- [DATA TO PROCESS]
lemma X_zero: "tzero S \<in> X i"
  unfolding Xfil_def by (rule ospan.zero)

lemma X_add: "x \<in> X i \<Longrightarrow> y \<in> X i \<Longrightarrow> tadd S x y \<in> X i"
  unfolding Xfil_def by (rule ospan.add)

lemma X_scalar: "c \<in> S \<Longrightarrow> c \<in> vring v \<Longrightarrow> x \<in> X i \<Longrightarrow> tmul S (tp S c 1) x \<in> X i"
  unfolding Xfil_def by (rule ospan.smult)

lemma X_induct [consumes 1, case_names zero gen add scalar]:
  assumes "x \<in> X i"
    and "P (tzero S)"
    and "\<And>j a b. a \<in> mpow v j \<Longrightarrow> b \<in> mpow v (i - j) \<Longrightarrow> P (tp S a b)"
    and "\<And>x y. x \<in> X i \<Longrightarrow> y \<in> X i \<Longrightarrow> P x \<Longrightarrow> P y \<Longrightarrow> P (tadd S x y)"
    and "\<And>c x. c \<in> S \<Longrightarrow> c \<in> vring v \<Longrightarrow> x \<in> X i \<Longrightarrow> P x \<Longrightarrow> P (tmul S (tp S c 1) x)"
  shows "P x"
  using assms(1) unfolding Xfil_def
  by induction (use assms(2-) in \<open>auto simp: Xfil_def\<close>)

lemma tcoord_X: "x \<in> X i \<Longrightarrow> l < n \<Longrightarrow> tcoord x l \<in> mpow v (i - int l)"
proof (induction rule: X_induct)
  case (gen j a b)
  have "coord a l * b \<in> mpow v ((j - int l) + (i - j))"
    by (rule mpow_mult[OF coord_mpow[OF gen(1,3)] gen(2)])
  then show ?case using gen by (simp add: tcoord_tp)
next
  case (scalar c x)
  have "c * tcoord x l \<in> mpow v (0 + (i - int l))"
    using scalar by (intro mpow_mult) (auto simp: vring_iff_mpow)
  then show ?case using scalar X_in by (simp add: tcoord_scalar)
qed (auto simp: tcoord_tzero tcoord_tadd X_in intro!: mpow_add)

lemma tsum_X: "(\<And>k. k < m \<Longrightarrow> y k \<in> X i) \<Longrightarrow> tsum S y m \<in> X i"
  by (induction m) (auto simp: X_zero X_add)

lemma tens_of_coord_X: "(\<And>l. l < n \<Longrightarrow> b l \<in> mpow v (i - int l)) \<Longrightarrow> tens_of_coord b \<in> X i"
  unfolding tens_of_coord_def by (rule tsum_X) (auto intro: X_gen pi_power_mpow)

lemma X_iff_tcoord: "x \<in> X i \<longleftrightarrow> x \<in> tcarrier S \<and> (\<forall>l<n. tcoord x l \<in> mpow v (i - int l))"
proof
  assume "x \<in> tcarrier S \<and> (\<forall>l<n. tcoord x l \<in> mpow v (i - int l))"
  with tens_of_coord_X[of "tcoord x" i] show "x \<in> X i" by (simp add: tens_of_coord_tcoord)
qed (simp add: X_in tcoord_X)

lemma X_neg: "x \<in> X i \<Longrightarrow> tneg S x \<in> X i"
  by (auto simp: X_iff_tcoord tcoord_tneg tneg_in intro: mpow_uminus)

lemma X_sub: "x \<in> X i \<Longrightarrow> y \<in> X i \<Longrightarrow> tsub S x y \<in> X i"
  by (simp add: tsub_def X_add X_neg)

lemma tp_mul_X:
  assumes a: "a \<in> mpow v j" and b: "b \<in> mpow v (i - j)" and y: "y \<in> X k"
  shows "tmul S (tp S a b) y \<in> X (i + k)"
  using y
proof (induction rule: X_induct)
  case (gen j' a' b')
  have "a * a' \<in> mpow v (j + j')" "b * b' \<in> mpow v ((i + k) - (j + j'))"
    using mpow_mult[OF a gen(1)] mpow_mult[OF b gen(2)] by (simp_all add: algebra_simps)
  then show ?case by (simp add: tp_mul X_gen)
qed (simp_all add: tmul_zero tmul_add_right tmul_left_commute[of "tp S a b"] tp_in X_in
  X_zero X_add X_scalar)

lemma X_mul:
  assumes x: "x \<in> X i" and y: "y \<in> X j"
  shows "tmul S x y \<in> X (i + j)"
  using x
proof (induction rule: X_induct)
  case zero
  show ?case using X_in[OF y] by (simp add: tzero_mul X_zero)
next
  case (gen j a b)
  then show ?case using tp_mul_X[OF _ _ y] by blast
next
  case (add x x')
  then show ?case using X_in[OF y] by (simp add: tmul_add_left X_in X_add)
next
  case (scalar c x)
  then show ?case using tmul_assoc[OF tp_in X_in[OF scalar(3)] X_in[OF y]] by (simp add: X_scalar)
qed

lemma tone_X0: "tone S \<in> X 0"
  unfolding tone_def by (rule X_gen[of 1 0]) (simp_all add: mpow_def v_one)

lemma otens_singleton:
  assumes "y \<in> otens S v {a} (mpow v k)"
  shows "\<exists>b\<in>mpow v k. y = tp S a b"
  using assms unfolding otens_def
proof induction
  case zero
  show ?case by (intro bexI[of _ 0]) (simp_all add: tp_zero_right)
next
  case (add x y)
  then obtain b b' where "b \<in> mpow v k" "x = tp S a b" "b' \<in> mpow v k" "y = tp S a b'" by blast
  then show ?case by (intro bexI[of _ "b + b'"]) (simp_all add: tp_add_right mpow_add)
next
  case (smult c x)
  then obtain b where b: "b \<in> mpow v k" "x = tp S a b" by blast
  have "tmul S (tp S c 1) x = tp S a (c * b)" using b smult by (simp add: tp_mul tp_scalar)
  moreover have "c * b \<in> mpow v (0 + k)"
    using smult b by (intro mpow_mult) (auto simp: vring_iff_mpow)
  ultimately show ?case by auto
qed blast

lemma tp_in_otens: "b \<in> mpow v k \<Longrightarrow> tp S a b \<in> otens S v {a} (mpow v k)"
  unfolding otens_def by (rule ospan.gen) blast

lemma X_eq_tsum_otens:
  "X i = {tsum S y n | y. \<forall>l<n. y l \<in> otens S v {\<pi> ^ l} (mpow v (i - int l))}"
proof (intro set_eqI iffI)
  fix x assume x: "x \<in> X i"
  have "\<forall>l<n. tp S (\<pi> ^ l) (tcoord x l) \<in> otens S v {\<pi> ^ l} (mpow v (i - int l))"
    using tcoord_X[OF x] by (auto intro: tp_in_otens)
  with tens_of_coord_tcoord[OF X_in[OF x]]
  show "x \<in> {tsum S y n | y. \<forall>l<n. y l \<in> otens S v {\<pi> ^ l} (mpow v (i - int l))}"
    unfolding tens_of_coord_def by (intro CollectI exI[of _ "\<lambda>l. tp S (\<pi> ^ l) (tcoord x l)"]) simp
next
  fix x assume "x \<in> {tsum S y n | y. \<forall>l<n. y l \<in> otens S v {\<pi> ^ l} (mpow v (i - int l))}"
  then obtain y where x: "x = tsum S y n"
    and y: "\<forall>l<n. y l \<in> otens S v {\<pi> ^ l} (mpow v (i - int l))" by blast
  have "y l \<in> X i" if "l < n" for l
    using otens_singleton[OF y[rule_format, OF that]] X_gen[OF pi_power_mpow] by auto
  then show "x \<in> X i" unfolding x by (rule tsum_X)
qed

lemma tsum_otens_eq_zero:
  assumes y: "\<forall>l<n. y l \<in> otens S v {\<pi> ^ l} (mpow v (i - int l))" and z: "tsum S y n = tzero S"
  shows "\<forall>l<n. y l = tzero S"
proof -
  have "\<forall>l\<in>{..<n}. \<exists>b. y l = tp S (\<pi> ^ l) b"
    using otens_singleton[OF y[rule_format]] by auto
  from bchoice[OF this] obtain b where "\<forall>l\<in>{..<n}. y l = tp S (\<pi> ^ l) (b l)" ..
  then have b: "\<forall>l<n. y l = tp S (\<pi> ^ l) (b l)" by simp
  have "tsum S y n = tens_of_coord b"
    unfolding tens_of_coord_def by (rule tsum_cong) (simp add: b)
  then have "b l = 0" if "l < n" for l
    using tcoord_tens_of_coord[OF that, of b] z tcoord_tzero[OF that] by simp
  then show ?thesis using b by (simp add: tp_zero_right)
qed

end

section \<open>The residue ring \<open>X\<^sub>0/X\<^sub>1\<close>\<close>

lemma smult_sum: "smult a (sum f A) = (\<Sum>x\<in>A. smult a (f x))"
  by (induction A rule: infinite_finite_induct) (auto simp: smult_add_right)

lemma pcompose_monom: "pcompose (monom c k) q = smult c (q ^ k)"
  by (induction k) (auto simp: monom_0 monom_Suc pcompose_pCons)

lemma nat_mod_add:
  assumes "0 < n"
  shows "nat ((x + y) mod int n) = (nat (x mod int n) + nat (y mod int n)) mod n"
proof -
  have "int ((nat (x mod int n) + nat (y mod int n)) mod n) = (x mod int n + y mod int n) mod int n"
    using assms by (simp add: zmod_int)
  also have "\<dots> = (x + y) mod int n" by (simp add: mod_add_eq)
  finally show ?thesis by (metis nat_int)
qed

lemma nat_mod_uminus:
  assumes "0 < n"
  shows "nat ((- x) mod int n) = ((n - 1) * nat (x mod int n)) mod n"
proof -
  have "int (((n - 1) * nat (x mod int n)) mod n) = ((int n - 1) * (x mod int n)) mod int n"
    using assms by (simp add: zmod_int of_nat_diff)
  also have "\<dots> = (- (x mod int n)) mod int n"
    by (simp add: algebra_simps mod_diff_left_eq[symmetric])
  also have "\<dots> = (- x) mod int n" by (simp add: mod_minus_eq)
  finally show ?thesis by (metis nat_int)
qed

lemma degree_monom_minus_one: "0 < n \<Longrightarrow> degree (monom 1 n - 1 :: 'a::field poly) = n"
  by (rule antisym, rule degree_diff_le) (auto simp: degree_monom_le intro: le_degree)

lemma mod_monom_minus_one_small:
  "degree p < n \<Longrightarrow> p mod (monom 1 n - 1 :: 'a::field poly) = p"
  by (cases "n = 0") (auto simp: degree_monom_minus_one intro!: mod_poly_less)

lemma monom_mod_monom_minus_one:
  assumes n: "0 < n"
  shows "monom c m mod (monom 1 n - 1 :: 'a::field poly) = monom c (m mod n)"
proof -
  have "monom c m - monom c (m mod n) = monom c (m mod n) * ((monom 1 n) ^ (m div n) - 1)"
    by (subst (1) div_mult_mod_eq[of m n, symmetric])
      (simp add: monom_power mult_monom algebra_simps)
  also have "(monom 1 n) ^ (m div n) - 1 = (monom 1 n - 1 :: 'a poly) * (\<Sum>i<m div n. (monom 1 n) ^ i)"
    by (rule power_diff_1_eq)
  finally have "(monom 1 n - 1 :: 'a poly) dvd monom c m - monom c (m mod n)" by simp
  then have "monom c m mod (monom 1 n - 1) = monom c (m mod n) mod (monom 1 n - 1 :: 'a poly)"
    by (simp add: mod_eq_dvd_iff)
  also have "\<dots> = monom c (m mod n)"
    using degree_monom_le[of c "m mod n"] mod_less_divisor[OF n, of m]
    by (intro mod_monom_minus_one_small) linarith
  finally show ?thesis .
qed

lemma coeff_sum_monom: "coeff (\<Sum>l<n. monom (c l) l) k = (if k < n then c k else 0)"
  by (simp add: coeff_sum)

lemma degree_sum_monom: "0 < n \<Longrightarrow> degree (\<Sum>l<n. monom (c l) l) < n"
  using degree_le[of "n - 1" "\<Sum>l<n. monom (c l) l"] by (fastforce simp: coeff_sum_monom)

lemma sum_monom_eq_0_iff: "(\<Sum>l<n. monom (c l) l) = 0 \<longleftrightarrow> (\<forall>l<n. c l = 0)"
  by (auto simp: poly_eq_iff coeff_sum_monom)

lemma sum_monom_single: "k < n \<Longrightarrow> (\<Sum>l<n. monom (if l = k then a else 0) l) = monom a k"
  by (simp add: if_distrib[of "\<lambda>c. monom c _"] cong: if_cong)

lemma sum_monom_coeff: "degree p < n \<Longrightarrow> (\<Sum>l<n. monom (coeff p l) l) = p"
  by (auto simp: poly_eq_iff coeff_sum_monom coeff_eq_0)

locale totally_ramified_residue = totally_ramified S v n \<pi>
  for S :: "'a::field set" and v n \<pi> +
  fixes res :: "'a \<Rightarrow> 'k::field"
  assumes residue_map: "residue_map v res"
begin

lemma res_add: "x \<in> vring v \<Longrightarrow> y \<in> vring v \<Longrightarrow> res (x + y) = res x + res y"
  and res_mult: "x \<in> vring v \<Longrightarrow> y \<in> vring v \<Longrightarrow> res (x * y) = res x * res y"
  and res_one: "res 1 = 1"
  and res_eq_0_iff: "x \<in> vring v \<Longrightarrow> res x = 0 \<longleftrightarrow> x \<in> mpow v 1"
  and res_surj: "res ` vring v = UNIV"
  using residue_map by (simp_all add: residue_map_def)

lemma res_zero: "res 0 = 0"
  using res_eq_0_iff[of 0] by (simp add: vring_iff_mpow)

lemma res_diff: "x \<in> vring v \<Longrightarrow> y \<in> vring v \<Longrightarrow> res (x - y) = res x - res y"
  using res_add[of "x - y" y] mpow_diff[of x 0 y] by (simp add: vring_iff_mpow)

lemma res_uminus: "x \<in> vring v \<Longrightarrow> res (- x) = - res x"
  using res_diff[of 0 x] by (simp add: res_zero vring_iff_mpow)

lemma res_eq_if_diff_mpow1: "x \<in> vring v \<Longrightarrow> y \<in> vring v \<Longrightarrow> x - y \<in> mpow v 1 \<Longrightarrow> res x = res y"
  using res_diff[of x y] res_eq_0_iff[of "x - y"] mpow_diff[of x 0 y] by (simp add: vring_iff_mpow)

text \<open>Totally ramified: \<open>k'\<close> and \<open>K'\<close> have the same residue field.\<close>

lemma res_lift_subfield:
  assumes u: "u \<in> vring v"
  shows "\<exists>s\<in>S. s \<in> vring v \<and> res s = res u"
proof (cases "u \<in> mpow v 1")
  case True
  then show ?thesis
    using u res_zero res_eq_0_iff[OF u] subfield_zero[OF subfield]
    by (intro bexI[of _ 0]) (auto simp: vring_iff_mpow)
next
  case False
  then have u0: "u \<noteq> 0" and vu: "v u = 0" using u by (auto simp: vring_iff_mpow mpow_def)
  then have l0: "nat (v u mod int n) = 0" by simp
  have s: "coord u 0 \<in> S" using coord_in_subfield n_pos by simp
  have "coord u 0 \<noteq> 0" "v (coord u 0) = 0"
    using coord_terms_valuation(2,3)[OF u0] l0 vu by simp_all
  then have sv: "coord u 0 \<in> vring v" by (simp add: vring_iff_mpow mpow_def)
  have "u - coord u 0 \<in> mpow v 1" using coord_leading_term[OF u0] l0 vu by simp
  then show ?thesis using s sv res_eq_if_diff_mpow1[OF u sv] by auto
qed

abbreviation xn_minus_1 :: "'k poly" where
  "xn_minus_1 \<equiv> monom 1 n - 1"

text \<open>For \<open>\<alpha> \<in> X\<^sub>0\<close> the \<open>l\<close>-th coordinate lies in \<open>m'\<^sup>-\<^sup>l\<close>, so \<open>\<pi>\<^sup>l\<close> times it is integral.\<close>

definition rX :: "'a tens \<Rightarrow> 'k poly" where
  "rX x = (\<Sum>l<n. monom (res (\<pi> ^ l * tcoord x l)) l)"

- [PROMPT]
Please print exactly the lines from the one containing "y \<in> mpow" through the last line of the material.

- [TASK SOLUTION]
lemma res_eq_if_diff_mpow1: "x \<in> vring v \<Longrightarrow> y \<in> vring v \<Longrightarrow> x - y \<in> mpow v 1 \<Longrightarrow> res x = res y"
  using res_diff[of x y] res_eq_0_iff[of "x - y"] mpow_diff[of x 0 y] by (simp add: vring_iff_mpow)

text \<open>Totally ramified: \<open>k'\<close> and \<open>K'\<close> have the same residue field.\<close>

lemma res_lift_subfield:
  assumes u: "u \<in> vring v"
  shows "\<exists>s\<in>S. s \<in> vring v \<and> res s = res u"
proof (cases "u \<in> mpow v 1")
  case True
  then show ?thesis
    using u res_zero res_eq_0_iff[OF u] subfield_zero[OF subfield]
    by (intro bexI[of _ 0]) (auto simp: vring_iff_mpow)
next
  case False
  then have u0: "u \<noteq> 0" and vu: "v u = 0" using u by (auto simp: vring_iff_mpow mpow_def)
  then have l0: "nat (v u mod int n) = 0" by simp
  have s: "coord u 0 \<in> S" using coord_in_subfield n_pos by simp
  have "coord u 0 \<noteq> 0" "v (coord u 0) = 0"
    using coord_terms_valuation(2,3)[OF u0] l0 vu by simp_all
  then have sv: "coord u 0 \<in> vring v" by (simp add: vring_iff_mpow mpow_def)
  have "u - coord u 0 \<in> mpow v 1" using coord_leading_term[OF u0] l0 vu by simp
  then show ?thesis using s sv res_eq_if_diff_mpow1[OF u sv] by auto
qed

abbreviation xn_minus_1 :: "'k poly" where
  "xn_minus_1 \<equiv> monom 1 n - 1"

text \<open>For \<open>\<alpha> \<in> X\<^sub>0\<close> the \<open>l\<close>-th coordinate lies in \<open>m'\<^sup>-\<^sup>l\<close>, so \<open>\<pi>\<^sup>l\<close> times it is integral.\<close>

definition rX :: "'a tens \<Rightarrow> 'k poly" where
  "rX x = (\<Sum>l<n. monom (res (\<pi> ^ l * tcoord x l)) l)"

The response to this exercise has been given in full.